LA SCOMPARSA DA VIBO DI GANGITANO, ALIAS “U PICCIOTTU”

Quando il 27 gennaio 2002 fu denunciata la scomparsa di Filippo Gangitano, si pensò ad un regolamento di conti in seno alla criminalità organizzata, che magari poteva aver tolto preventivamente di mezzo uno che si riteneva potesse pentirsi. Quel caso di lupara bianca finì pertanto solo con l’aggiornare le statistiche degli scomparsi in una provincia divenuta sin dagli anni ‘80 un buco nero.
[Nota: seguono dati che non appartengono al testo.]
(* Let $G$ be a Feynman diagram and $A_G\subseteq\mathbb{Z}^n$ the support of $\mathcal{F}_{z,m}$ for generic $(z,m)\in\mathbb{R}^K\times\mathbb{R}^{\mathcal{E}}$. If $a\in A_G\cap A^1_G$ and the coefficient of $x^a$ in $\mathcal{F}_{z,m}$, viewed as a linear function of $(z,m)$, does not depend on any of the $m_e$ ($e\in\mathcal{E}$), then $a$ is a vertex of $\operatorname{conv}(A_G)$.
   Context: $G$ is a connected graph with $n$ internal edges labeled $1,\dots,n$ carrying variables $x_1,\dots,x_n$ and $N$ external edges (edges with an endpoint of degree one), the external ones labeled by $[N]$. $\mathcal{T}$ is the set of spanning trees of $G$ (restricted to internal edges, viewed as subsets of $[n]$); $\ell=\#\text{edges}-\#\text{vertices}+1$. The first Symanzik polynomial is $\mathcal{U}(x)=\sum_{T\in\mathcal{T}}\prod_{e\notin T}x_e$. $\mathcal{W}$ is the set of spanning 2-forests $\{T_1,T_2\}$ (two disjoint acyclic connected subgraphs covering all vertices). Given a linear map $L:\mathbb{R}^K\to\mathbb{R}^{\mathcal{W}}$ and $\mathcal{E}\subseteq[n]$, $\mathcal{F}_{z,m}(x)=\sum_{\{T_1,T_2\}\in\mathcal{W}}L_{T_1,T_2}(z)\prod_{e\notin T_1\sqcup T_2}x_e+\big(\sum_{e\in\mathcal{E}}m_ex_e\big)\mathcal{U}(x)$. Set $A^1_G=\{e_p+\sum_{j\in[n]\setminus T}e_j: T\in\mathcal{T}, p\in T\}$ and $A^2_G=\{2e_q+\sum_{j\in[n]\setminus(T\cup\{q\})}e_j:T\in\mathcal{T},q\notin T\}$; $A_G\subseteq A^1_G\cup A^2_G$. *)

theory Defs
  imports "HOL-Analysis.Analysis" "HOL-Library.Function_Algebras"
begin

text \<open>
  The internal part of a Feynman diagram G: a finite vertex set V and internal
  edges given by the elements of a finite type 'e (playing the role of [n]),
  each edge e having endpoints ends e (multi-edges and self-loops allowed).
  External legs only enter through the abstract linear map L and play no
  further role in the statement.
\<close>

definition adj :: "('e \<Rightarrow> 'v \<times> 'v) \<Rightarrow> 'e set \<Rightarrow> ('v \<times> 'v) set" where
  "adj ends S = {(u, v). \<exists>e\<in>S. ends e = (u, v) \<or> ends e = (v, u)}"

definition conn :: "('e \<Rightarrow> 'v \<times> 'v) \<Rightarrow> 'e set \<Rightarrow> 'v \<Rightarrow> 'v \<Rightarrow> bool" where
  "conn ends S u v \<longleftrightarrow> (u, v) \<in> (adj ends S)\<^sup>*"

text \<open>An edge set is acyclic iff no edge lies on a cycle, i.e. the endpoints of
  each edge e are not joined by a path avoiding e (this also excludes loops).\<close>
definition acyclic_edges :: "('e \<Rightarrow> 'v \<times> 'v) \<Rightarrow> 'e set \<Rightarrow> bool" where
  "acyclic_edges ends S \<longleftrightarrow>
     (\<forall>e\<in>S. \<not> conn ends (S - {e}) (fst (ends e)) (snd (ends e)))"

definition spanning_trees :: "'v set \<Rightarrow> ('e \<Rightarrow> 'v \<times> 'v) \<Rightarrow> 'e set set" where
  "spanning_trees V ends =
     {T. acyclic_edges ends T \<and> (\<forall>u\<in>V. \<forall>v\<in>V. conn ends T u v)}"

definition is_subtree :: "('e \<Rightarrow> 'v \<times> 'v) \<Rightarrow> 'v set \<Rightarrow> 'e set \<Rightarrow> bool" where
  "is_subtree ends Vi Ti \<longleftrightarrow> Vi \<noteq> {} \<and>
     (\<forall>e\<in>Ti. fst (ends e) \<in> Vi \<and> snd (ends e) \<in> Vi) \<and>
     acyclic_edges ends Ti \<and> (\<forall>u\<in>Vi. \<forall>v\<in>Vi. conn ends Ti u v)"

definition spanning_2forests :: "'v set \<Rightarrow> ('e \<Rightarrow> 'v \<times> 'v) \<Rightarrow> ('v set \<times> 'e set) set set" where
  "spanning_2forests V ends =
     {w. \<exists>V1 T1 V2 T2. w = {(V1, T1), (V2, T2)} \<and> V1 \<inter> V2 = {} \<and> V1 \<union> V2 = V \<and>
          T1 \<inter> T2 = {} \<and> is_subtree ends V1 T1 \<and> is_subtree ends V2 T2}"

text \<open>Polynomials in the variables x_e (e :: 'e) are represented by their coefficient
  functions on exponent vectors 'e \<Rightarrow> nat.  mono c \<alpha> is the monomial c x^\<alpha>.\<close>
definition mono :: "'b::zero \<Rightarrow> ('e \<Rightarrow> nat) \<Rightarrow> ('e \<Rightarrow> nat) \<Rightarrow> 'b" where
  "mono c \<alpha> = (\<lambda>\<beta>. if \<beta> = \<alpha> then c else 0)"

definition ind :: "'e set \<Rightarrow> 'e \<Rightarrow> nat" where
  "ind S = (\<lambda>j. if j \<in> S then 1 else 0)"

definition unitv :: "'e \<Rightarrow> 'e \<Rightarrow> nat" where
  "unitv e = (\<lambda>j. if j = e then 1 else 0)"

definition Upoly :: "'v set \<Rightarrow> ('e \<Rightarrow> 'v \<times> 'v) \<Rightarrow> ('e \<Rightarrow> nat) \<Rightarrow> real" where
  "Upoly V ends = (\<Sum>T\<in>spanning_trees V ends. mono 1 (ind (- T)))"

text \<open>F_{z,m}(x) = sum_{{T1,T2}} L_{T1,T2}(z) prod_{e notin T1 u T2} x_e
   + (sum_{e in E} m_e x_e) U(x), with the product (sum m_e x_e) U(x) expanded
   into monomials.\<close>
definition Fpoly :: "'v set \<Rightarrow> ('e \<Rightarrow> 'v \<times> 'v) \<Rightarrow> (('v set \<times> 'e set) set \<Rightarrow> 'z \<Rightarrow> real)
    \<Rightarrow> 'e set \<Rightarrow> 'z \<Rightarrow> ('e \<Rightarrow> real) \<Rightarrow> ('e \<Rightarrow> nat) \<Rightarrow> real" where
  "Fpoly V ends L E z m =
     (\<Sum>w\<in>spanning_2forests V ends. mono (L w z) (ind (- \<Union>(snd ` w))))
   + (\<Sum>e\<in>E. \<Sum>T\<in>spanning_trees V ends. mono (m e) (\<lambda>j. unitv e j + ind (- T) j))"

text \<open>A_G: support of F_{z,m} for generic parameters, i.e. the exponents whose
  coefficient (a linear function of (z,m)) is not identically zero.\<close>
definition AG :: "'v set \<Rightarrow> ('e \<Rightarrow> 'v \<times> 'v) \<Rightarrow> (('v set \<times> 'e set) set \<Rightarrow> 'z \<Rightarrow> real)
    \<Rightarrow> 'e set \<Rightarrow> ('e \<Rightarrow> nat) set" where
  "AG V ends L E = {a. \<exists>z m. Fpoly V ends L E z m a \<noteq> 0}"

definition AG1 :: "'v set \<Rightarrow> ('e \<Rightarrow> 'v \<times> 'v) \<Rightarrow> ('e \<Rightarrow> nat) set" where
  "AG1 V ends = {(\<lambda>j. unitv p j + ind (- T) j) | T p. T \<in> spanning_trees V ends \<and> p \<in> T}"

definition AG2 :: "'v set \<Rightarrow> ('e \<Rightarrow> 'v \<times> 'v) \<Rightarrow> ('e \<Rightarrow> nat) set" where
  "AG2 V ends = {(\<lambda>j. 2 * unitv q j + ind (- (T \<union> {q})) j) | T q. T \<in> spanning_trees V ends \<and> q \<notin> T}"

definition to_real :: "('e::finite \<Rightarrow> nat) \<Rightarrow> real ^ 'e" where
  "to_real a = (\<chi> i. real (a i))"

end

theory Submission
  imports Defs
begin

(*
  Write a = e_p + sum_{j \<notin> T0} e_j as the indicator vector of S = {p} \<union> ([n] - T0) and
  weigh coordinates by c_j = -2 for j \<notin> S, c_j = 0 for j \<in> S \<inter> E and c_j = 1 for
  j \<in> S - E.  Spanning trees have |V| - 1 edges and spanning 2-forests |V| - 2, so every
  other point of A_G is either the indicator vector of a set X \<noteq> S with |X| = |S|, which
  leaves S and therefore loses at least 2, or has the form e_q + 1_{[n] - T} with q \<in> E - T.
  In the latter case c_q \<le> 0; and if [n] - T \<subseteq> S then S = {r} \<union> ([n] - T) with r \<in> T, where
  r \<notin> E because otherwise the coefficient of a would depend on m_r, so c_r = 1.  Thus the
  linear functional c is maximised over A_G exactly at a.
*)

lemma adj_sym: "(u, v) \<in> adj ends S \<Longrightarrow> (v, u) \<in> adj ends S"
  by (auto simp: adj_def)

lemma conn_refl [simp]: "conn ends S u u"
  by (simp add: conn_def)

lemma conn_trans: "conn ends S u v \<Longrightarrow> conn ends S v w \<Longrightarrow> conn ends S u w"
  by (auto simp: conn_def)

lemma conn_sym: "conn ends S u v \<Longrightarrow> conn ends S v u"
  unfolding conn_def
proof (induction rule: rtrancl_induct)
  case (step y z)
  then show ?case by (meson adj_sym converse_rtrancl_into_rtrancl)
qed simp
Quasi diciotto anni dopo, invece, è Rinascita-Scott a fare luce ed a mandare a giudizio dinanzi alla Corte d’Assise: Vincenzo Barba, alias “il Musichiere”, Filippo Catania, Paolino Lo Bianco e Andrea Mantella, tutti di Vibo Valentia. Fra i mandanti del fatto di sangue, anche il boss Carmelo Lo Bianco, alias “Piccinni”, deceduto nel 2004 in carcere.

UCCISO PERCHE’ GAY

I vertici del clan Lo Bianco – ha fatto mettere a verbale Andrea Mantella – decisero che Gangitano andava eliminato perché «omosessuale». Che fosse vero o meno, poco importava. «La città era piena» e ciò divenne una sentenza senza appello, perché la ‘ndrangheta aveva delle regole e perché bisognava «dare conto a San Luca», che non accettava gay tra gli affiliati. Di vero c’era che Filippo Gangitano, allora trentacinquenne, aveva un amico più giovane dal quale non si separava quasi mai. E quel legame che appariva fortissimo, quasi simbiotico, finì con l’alimentare le voci, voci che – riscontrate o meno che fossero – si tradussero in una condanna a morte.

Andrea Mantella ha sottolineato agli inquirenti di aver provato a salvare la vita del cugino, ma i suoi sforzi furono inutili e così egli stesso dovette farsi carico di attirarlo in una trappola, coinvolgendo con l’inganno pure i suoi fratelli, ignari di quale fosse il piano, per consegnarlo al fucile di colui il quale l’avrebbe ammazzato, Francesco Scrugli, a sua volta assassinato, dieci anni dopo, nella guerra di mafia tra i Patania di Stefanaconi ed il clan dei Piscopisani.

L’ex killer Andrea Mantella ha spiegato che Gangitano fu atteso da Scrugli, nascosto dietro una balla di fieno, nella masseria. Sparò con un fucile calibro 12 e lo colpì alla testa. Esanime, venne messo in un sacco, caricato su una carriola e portato dall’altra parte della strada, dove fu seppellito. Ma Mantella aggiunge un altro particolare agghiacciante. Randagi e animali selvatici, avvertendo l’odore del cadavere, nascosto sotto pochi centimetri di terra, scavarono e, dopo qualche giorno, fecero affiorare alcuni resti, facendone scempio.

IL CADAVERE MAI PIU’ RITROVATO

Così il collaboratore di giustizia diede ordine di bruciare il corpo assieme ad alcuni vecchi pneumatici e di sotterrare nuovamente ciò che restava. Quei resti straziati sono ancora lì seppelliti, mai più venuti alla luce, nonostante gli interventi di costruzione della Tangenziale Est di Vibo a ridosso dalla masseria di Mantella dove sarebbe stato sepolto il cugino Filippo Gangitano, ucciso “perché gay”.